What to produce: State only how many lines below include the word "bool".

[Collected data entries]
----

(* Let $>$ be a $\mathcal B$-compatible reduction order. Every fair and non-failing run $(\mathcal E,\varnothing)\vdash^*_{\mathcal I_B}(\varnothing,\mathcal R)$ for an ES $\mathcal E$ in $\mathcal I_B$ produces a $\mathcal B$-complete presentation of $\mathcal E$: $\leftrightarrow^*_{\mathcal E\cup\mathcal B}=\leftrightarrow^*_{\mathcal R\cup\mathcal B}$, $\mathcal R$ is terminating modulo $\mathcal B$ and Church–Rosser modulo $\mathcal B$.
   Context: Terms over a signature $\mathcal F$ and variables. For a set $\mathcal E$ of pairs of terms (equations and rules read as oriented pairs), $s\to_{\mathcal E}t$ iff $s|_p=\ell\sigma$, $t=s[r\sigma]_p$ for some $(\ell,r)\in\mathcal E$, position $p$, substitution $\sigma$; $\leftarrow$ is the inverse, $\leftrightarrow$ the symmetric closure. $\mathcal B$ is a fixed ES with $\mathrm{Var}(\ell)=\mathrm{Var}(r)$ for all $\ell\approx r\in\mathcal B$; $\sim_{\mathcal B}=\leftrightarrow^*_{\mathcal B}$, $\mathcal B^\pm=\mathcal B\cup\{t\approx s\mid s\approx t\in\mathcal B\}$; $\to_{\mathcal R/\mathcal B}=\sim_{\mathcal B}\cdot\to_{\mathcal R}\cdot\sim_{\mathcal B}$; $s\downarrow^\sim_{\mathcal R}t$ iff $s\to^*_{\mathcal R}\cdot\sim_{\mathcal B}\cdot\leftarrow^*_{\mathcal R}t$. Terminating modulo $\mathcal B$: no infinite $\to_{\mathcal R/\mathcal B}$-sequence; Church–Rosser modulo $\mathcal B$: $\leftrightarrow^*_{\mathcal R\cup\mathcal B}\subseteq\downarrow^\sim_{\mathcal R}$. A $\mathcal B$-compatible reduction order is a well-founded order on terms closed under contexts and substitutions with $\sim_{\mathcal B}\cdot>\cdot\sim_{\mathcal B}\subseteq>$. The inference system $\mathcal I_B$ (parameterized by $>$) on pairs $(\mathcal E,\mathcal R)$ ($\uplus$ disjoint union, $s\approx^\pm t$ means $s\approx t$ or $t\approx s$): Deduce: $(\mathcal E,\mathcal R)\vdash(\mathcal E\cup\{s\approx t\},\mathcal R)$ if $s\leftarrow_{\mathcal R}\cdot\to_{\mathcal R\cup\mathcal B^\pm}t$. Orient: $(\mathcal E\uplus\{s\approx^\pm t\},\mathcal R)\vdash(\mathcal E,\mathcal R\cup\{s\to t\})$ if $s>t$. Delete: $(\mathcal E\uplus\{s\approx t\},\mathcal R)\vdash(\mathcal E,\mathcal R)$ if $s\sim_{\mathcal B}t$. Simplify: $(\mathcal E\uplus\{s\approx^\pm t\},\mathcal R)\vdash(\mathcal E\cup\{u\approx t\},\mathcal R)$ if $s\to_{\mathcal R}u$. Collapse: $(\mathcal E,\mathcal R\uplus\{s\to t\})\vdash(\mathcal E\cup\{u\approx t\},\mathcal R)$ if $s\to_{\mathcal R}u$. Compose: $(\mathcal E,\mathcal R\uplus\{s\to t\})\vdash(\mathcal E,\mathcal R\cup\{s\to u\})$ if $t\to_{\mathcal R}u$. A run for $\mathcal E$ goes from $(\mathcal E_0,\mathcal R_0)=(\mathcal E,\varnothing)$ to $(\mathcal E_n,\mathcal R_n)$; it fails if $\mathcal E_n\ne\varnothing$, and is fair if $\mathcal R_n$ is left-linear and $\mathrm{PCP}(\mathcal R_n)\cup\mathrm{PCP}^\pm(\mathcal R_n,\mathcal B^\pm)\subseteq\ \downarrow^\sim_{\mathcal R_n}\cup\bigcup_{i=0}^n\leftrightarrow_{\mathcal E_i}$. Critical pairs: for sets of oriented pairs $\mathcal R_1,\mathcal R_2$ (equations of $\mathcal B^\pm$ read as oriented pairs), an overlap is $\langle\ell_1\to r_1,p,\ell_2\to r_2\rangle$ with $\ell_i\to r_i$ variants of elements of $\mathcal R_i$ without common variables, $p$ a non-variable position of $\ell_2$, $\ell_1$ and $\ell_2|_p$ unifiable, and the two rules not variants if $p=\epsilon$; with an mgu $\sigma$ it yields the critical pair $\ell_2\sigma[r_1\sigma]_p\approx r_2\sigma$, which is prime if all proper subterms of $\ell_2\sigma|_p$ are normal forms w.r.t. the TRS $\mathcal R$ under consideration. $\mathrm{PCP}(\mathcal R)$: prime critical pairs from overlaps of $\mathcal R$ with itself; $\mathrm{PCP}^\pm(\mathcal R,\mathcal B^\pm)$: prime critical pairs from overlaps between $\mathcal R$ and $\mathcal B^\pm$ in either order. *)

theory Defs
  imports Main
begin

datatype (funs_term: 'f, vars_term: 'v) "term" = Var 'v | Fun 'f "('f, 'v) term list"

type_synonym ('f, 'v) trs = "(('f, 'v) term \<times> ('f, 'v) term) set"
type_synonym ('f, 'v) subst = "'v \<Rightarrow> ('f, 'v) term"
type_synonym pos = "nat list"

fun subst_apply_term :: "('f, 'v) term \<Rightarrow> ('f, 'v) subst \<Rightarrow> ('f, 'v) term" (infixl "\<cdot>" 67) where
  "Var x \<cdot> \<sigma> = \<sigma> x"
| "Fun f ts \<cdot> \<sigma> = Fun f (map (\<lambda>t. t \<cdot> \<sigma>) ts)"

inductive is_pos :: "('f, 'v) term \<Rightarrow> pos \<Rightarrow> bool" where
  root: "is_pos t []"
| arg: "i < length ts \<Longrightarrow> is_pos (ts ! i) p \<Longrightarrow> is_pos (Fun f ts) (i # p)"

definition poss :: "('f, 'v) term \<Rightarrow> pos set" where
  "poss t = {p. is_pos t p}"

fun subt_at :: "('f, 'v) term \<Rightarrow> pos \<Rightarrow> ('f, 'v) term" where
  "subt_at t [] = t"
| "subt_at (Fun f ts) (i # p) = subt_at (ts ! i) p"
| "subt_at (Var x) (i # p) = Var x"

fun replace_at :: "('f, 'v) term \<Rightarrow> pos \<Rightarrow> ('f, 'v) term \<Rightarrow> ('f, 'v) term" where
  "replace_at t [] s = s"
| "replace_at (Fun f ts) (i # p) s = Fun f (ts[i := replace_at (ts ! i) p s])"
| "replace_at (Var x) (i # p) s = Var x"

definition is_Var_term :: "('f, 'v) term \<Rightarrow> bool" where
  "is_Var_term t = (\<exists>x. t = Var x)"

definition fun_poss :: "('f, 'v) term \<Rightarrow> pos set" where
  "fun_poss t = {p \<in> poss t. \<not> is_Var_term (subt_at t p)}"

----

The completed task: 2